Figure 1 shows the performance sensitivity curve for λ. When λ is 1, all the methods have the same performance since the documents are selected based on only relevance scores. We can also see that, when λ is 0, the performance is much better than the performance when λ is 1. The reason is that when λ is 0, the objective function is only related to the diversity score which is computed based on the relevance score between documents and query subtopics. Since the subtopics are chosen from judgment file, they have real good quality, which would lead to better performance. We can imagine that, when the quality of query subtopics decreases, the performance when λ is 0 would be worse than the one shown on the plot. Moreover, it is interesting to see that the lines of SQR and PCOV have different trends with other methods. However, the performances of SUM and EVAL in Fig. 1 are very close to each other when we use real subtopics. The results in Table 9 also shows that EVAL does not work well. These results indicates that the component \((1-\alpha)^{\sum_{d' \in D} cov(s,d')}\) in (25) is not effective in diversification.

Fig. 1
figure 1

The influence of λ on the TREC09 (top) and TREC10 (bottom) collections

Figure 2 shows the results of diversity function EVAL with different values of α. We can see that EVAL is not sensitive to the parameter when α is smaller than 1 and the performance change is small when using different values. The result of EVAL is the same as NoDiversity when α is 1.

Fig. 2
figure 2

The influence of α on the TREC09 (top) and TREC10 (bottom) collections

7 Conclusions

The task of search result diversification is to return a list of documents that are not only relevant to a query but also diverse to cover multiple subtopics of the query. In this paper, we propose to study this problem in a coverage-based optimization framework based on explicit query subtopic modeling. In this framework, we propose to model diversity scores based on the coverage of query subtopics and then discuss three strategies to define coverage functions. Not every function can be coverage function. A coverage function needs to be a submodular function so that we can use a greedy algorithm to iteratively select documents for diversity. Each coverage function corresponds to a diversification method. We derive five diversification methods in this paper, and show that the obtained methods include not only several existing methods, but also new ones which have not been studied before. One of the method, i.e., SQR, not only has the desired favoring diversity and novelty emphasis properties that the existing methods do not have, but also can consistently outperform the existing methods in the experiments.

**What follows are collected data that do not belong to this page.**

theorem proposition4p1:
  fixes M :: "'a measure"
    and \<xi> :: "nat \<Rightarrow> nat \<Rightarrow> 'a \<Rightarrow> nat"
    and \<eta> :: "nat \<Rightarrow> 'a \<Rightarrow> nat"
    and \<kappa> :: real
  assumes "prob_space M"
    and indep: "prob_space.indep_vars M (\<lambda>_. count_space UNIV)
          (\<lambda>j. case j of Inl (n, i) \<Rightarrow> \<xi> n i | Inr n \<Rightarrow> \<eta> n)
          ({Inl (n, i) | n i. n \<ge> 1 \<and> i \<ge> 1} \<union> {Inr n | n. n \<ge> 1})"
    and xi_id: "\<And>n i. n \<ge> 1 \<Longrightarrow> i \<ge> 1 \<Longrightarrow>
          distr M (count_space UNIV) (\<xi> n i) = distr M (count_space UNIV) (\<xi> 1 1)"
    and eta_id: "\<And>n. n \<ge> 1 \<Longrightarrow>
          distr M (count_space UNIV) (\<eta> n) = distr M (count_space UNIV) (\<eta> 1)"
    and eta_nondeg: "measure M {\<omega> \<in> space M. \<eta> 1 \<omega> = 0} < 1"
    and alpha_pos: "0 < prob_space.expectation M (\<lambda>\<omega>. real (\<xi> 1 1 \<omega>))"
    and alpha_lt1: "prob_space.expectation M (\<lambda>\<omega>. real (\<xi> 1 1 \<omega>)) < 1"
    and kappa_pos: "\<kappa> > 0"
    and tail: "\<exists>L. slowly_varying L \<and>
          (\<forall>x>0. measure M {\<omega> \<in> space M. real (\<eta> 1 \<omega>) > x} = x powr (-\<kappa>) * L x)"
    and moment: "\<kappa> \<ge> 1 \<Longrightarrow> \<exists>\<delta>>0. integrable M (\<lambda>\<omega>. real (\<xi> 1 1 \<omega>) powr (\<kappa> + \<delta>))"
  shows "\<forall>n\<ge>1.
    ((\<lambda>x. measure M {\<omega> \<in> space M. real (bpi_sum \<xi> \<eta> n \<omega>) > x}
          / measure M {\<omega> \<in> space M. real (\<eta> 1 \<omega>) > x})
     \<longlongrightarrow> (\<Sum>i=1..n. (\<Sum>m<i. (prob_space.expectation M (\<lambda>\<omega>. real (\<xi> 1 1 \<omega>))) ^ m) powr \<kappa>)) at_top"
proof -
  interpret prob_space M by fact
  have int_xi: "integrable M (\<lambda>\<omega>. real (\<xi> 1 1 \<omega>))"
    using alpha_pos not_integrable_integral_eq[of M "\<lambda>\<omega>. real (\<xi> 1 1 \<omega>)"] by auto
  obtain p where p: "\<kappa> < p" "1 \<le> p" "integrable M (\<lambda>\<omega>. real (\<xi> 1 1 \<omega>) powr p)"
    using moment_exponent_exists[OF int_xi _ moment] by auto
  obtain L where L: "slowly_varying L" "\<And>x. 0 < x \<Longrightarrow> upper_tail (\<lambda>\<omega>. real (\<eta> 1 \<omega>)) x = x powr -\<kappa> * L x"
    using tail by blast
  interpret bpi_process M \<xi> \<eta>
  proof
    show "indep_vars (\<lambda>_. count_space UNIV) (bpi_family \<xi> \<eta>) bpi_index_set"
      using indep by (simp add: bpi_family_def[abs_def] bpi_index_set_def)
  qed (fact xi_id eta_id int_xi)+
  interpret bpi_heavy_tailed M \<xi> \<eta> \<kappa> p
  proof
    show "(\<lambda>\<omega>. real (\<eta> 1 \<omega>)) \<in> borel_measurable M" by measurable
    show "((\<lambda>x. upper_tail (\<lambda>\<omega>. real (\<eta> 1 \<omega>)) (c * x) / upper_tail (\<lambda>\<omega>. real (\<eta> 1 \<omega>)) x) \<longlongrightarrow> c powr -\<kappa>) at_top"
      if "0 < c" for c
      using slowly_varying_powr_mult_scaling[OF L that] .
  qed (fact kappa_pos p)+
  have "tail_asymp (\<lambda>\<omega>. real (bpi_sum \<xi> \<eta> n \<omega>)) (\<Sum>i=1..n. (\<Sum>m<i. \<alpha> ^ m) powr \<kappa>)" for n
    using tail_asymp_weighted_bpi_sum[of "\<lambda>_. 1" n] by (simp add: bpi_sum_def bpi_tail_constant_const_1)
  then show ?thesis unfolding tail_asymp_def by blast
qed

end
lemma l_edge_le_iff:
  assumes "finite (extreme_pts P)" "0 \<le> e"
  shows "l_edge P a b \<le> e \<longleftrightarrow>
    (\<forall>t\<in>ext_range P a b. 1 - (a \<bullet> xstar a b) / (t \<bullet> xstar a b) \<le> e)"
proof -
  have "finite (ext_range P a b)"
    using assms(1) unfolding ext_range_def by simp
  then show ?thesis
    using assms(2) unfolding l_edge_def by (auto simp: Max_le_iff)
qed

section \<open>Support functions\<close>

lemma inner_le_omega: "finite Q \<Longrightarrow> p \<in> Q \<Longrightarrow> p \<bullet> x \<le> omega x Q"
  unfolding omega_def by (intro Max_ge) auto

lemma omega_attained: "finite Q \<Longrightarrow> Q \<noteq> {} \<Longrightarrow> \<exists>p\<in>Q. p \<bullet> x = omega x Q"
  unfolding omega_def using Max_in[of "(\<lambda>p. p \<bullet> x) ` Q"]
  by (metis finite_imageI image_iff image_is_empty)

lemma omega_le:
  "finite Q \<Longrightarrow> Q \<noteq> {} \<Longrightarrow> (\<And>p. p \<in> Q \<Longrightarrow> p \<bullet> x \<le> c) \<Longrightarrow> omega x Q \<le> c"
  using omega_attained by metis

lemma omega_scaleR:
  assumes "finite Q" "Q \<noteq> {}" "0 \<le> c"
  shows "omega (c *\<^sub>R x) Q = c * omega x Q"
proof (rule antisym)
  show "omega (c *\<^sub>R x) Q \<le> c * omega x Q"
    using assms by (intro omega_le) (auto intro!: mult_left_mono inner_le_omega)
  obtain p where "p \<in> Q" "p \<bullet> x = omega x Q"
    using omega_attained assms by metis
  then show "c * omega x Q \<le> omega (c *\<^sub>R x) Q"
    using inner_le_omega[OF assms(1), of p "c *\<^sub>R x"] by simp
qed

lemma omega_sgn:
  assumes "finite Q" "Q \<noteq> {}"
  shows "omega x Q = cmod x * omega (sgn x) Q"
  using omega_scaleR[OF assms norm_ge_zero, of x "sgn x"] by (cases "x = 0") (simp_all add: sgn_div_norm)

lemma continuous_on_omega: "finite Q \<Longrightarrow> Q \<noteq> {} \<Longrightarrow> continuous_on S (\<lambda>x. omega x Q)"
proof (induction Q rule: finite_ne_induct)
  case (singleton p)
  then show ?case
    unfolding omega_def by (simp add: continuous_on_inner continuous_on_id continuous_on_const)
next
  case (insert p F)
  have "omega x (insert p F) = max (p \<bullet> x) (omega x F)" for x
    unfolding omega_def using insert by (simp add: Max_insert)
  then show ?case
    using insert by (simp add: continuous_on_max continuous_on_inner continuous_on_id continuous_on_const)
qed
(* Let $A$ be a commutative noetherian local ring and let $x,y\in A$ be a regular exact pair of zero divisors. Let $a\in A$ be weakly regular on the $A$-module $A/(x,y)$, and let $b\in A$ be any element. Then there are $A$-module isomorphisms (a) $\operatorname{Hom}_A(H_a,H_{ab})\cong\operatorname{Hom}_A(G_{ab},G_a)\cong H_b$, and (b) $\operatorname{Hom}_A(G_a,G_{ab})\cong\operatorname{Hom}_A(H_{ab},H_a)\cong G_b$.
   Context: Two non-units $x,y\in A$ form an exact pair of zero divisors if $\operatorname{Ann}_A(x)=(y)$ and $\operatorname{Ann}_A(y)=(x)$; such a pair is regular if $(x)\cap(y)=0$. An element $a\in A$ is weakly regular on a module $M$ if multiplication by $a$ on $M$ is injective. For $a\in A$, let $\gamma_a=\begin{pmatrix} x & a\\ 0 & y\end{pmatrix}$ and $\eta_a=\begin{pmatrix} y & -a\\ 0 & x\end{pmatrix}$, viewed as $A$-linear maps $A^2\to A^2$ acting on column vectors, and set $G_a=\operatorname{Coker}\gamma_a$, $H_a=\operatorname{Coker}\eta_a$. *)

theory Defs
  imports Main
begin

definition is_ideal :: "'a::comm_ring_1 set \<Rightarrow> bool" where
  "is_ideal I \<longleftrightarrow> 0 \<in> I \<and> (\<forall>u\<in>I. \<forall>v\<in>I. u + v \<in> I) \<and> (\<forall>r. \<forall>u\<in>I. r * u \<in> I)"

definition ideal_span :: "'a::comm_ring_1 set \<Rightarrow> 'a set" where
  "ideal_span F = {\<Sum>f\<in>F. c f * f | c. True}"

definition noetherian_ring :: "'a::comm_ring_1 itself \<Rightarrow> bool" where
  "noetherian_ring _ \<longleftrightarrow>
     (\<forall>I::'a set. is_ideal I \<longrightarrow> (\<exists>F. finite F \<and> F \<subseteq> I \<and> I = ideal_span F))"

definition maximal_ideal :: "'a::comm_ring_1 set \<Rightarrow> bool" where
  "maximal_ideal m \<longleftrightarrow> is_ideal m \<and> m \<noteq> UNIV \<and>
     (\<forall>J. is_ideal J \<and> m \<subseteq> J \<and> J \<noteq> UNIV \<longrightarrow> J = m)"

definition local_ring :: "'a::comm_ring_1 itself \<Rightarrow> bool" where
  "local_ring _ \<longleftrightarrow> (\<exists>!m::'a set. maximal_ideal m)"

definition is_unit :: "'a::comm_ring_1 \<Rightarrow> bool" where
  "is_unit u \<longleftrightarrow> u dvd 1"

definition principal :: "'a::comm_ring_1 \<Rightarrow> 'a set" where
  "principal x = {r * x | r. True}"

Our work opens up many interesting future research directions. First, we plan to define more coverage functions in our framework and thus derive effective retrieval functions. For example, we can use better evaluation measures (Sakai and Song 2011) to derive diversification functions with desired properties. We can also combine different types of coverage functions (e.g., linear combination) to define more sophisticated ones in our framework. Second, it would be interesting to derive reasonable coverage functions based on a set of desirable properties such as the three we discuss in this paper.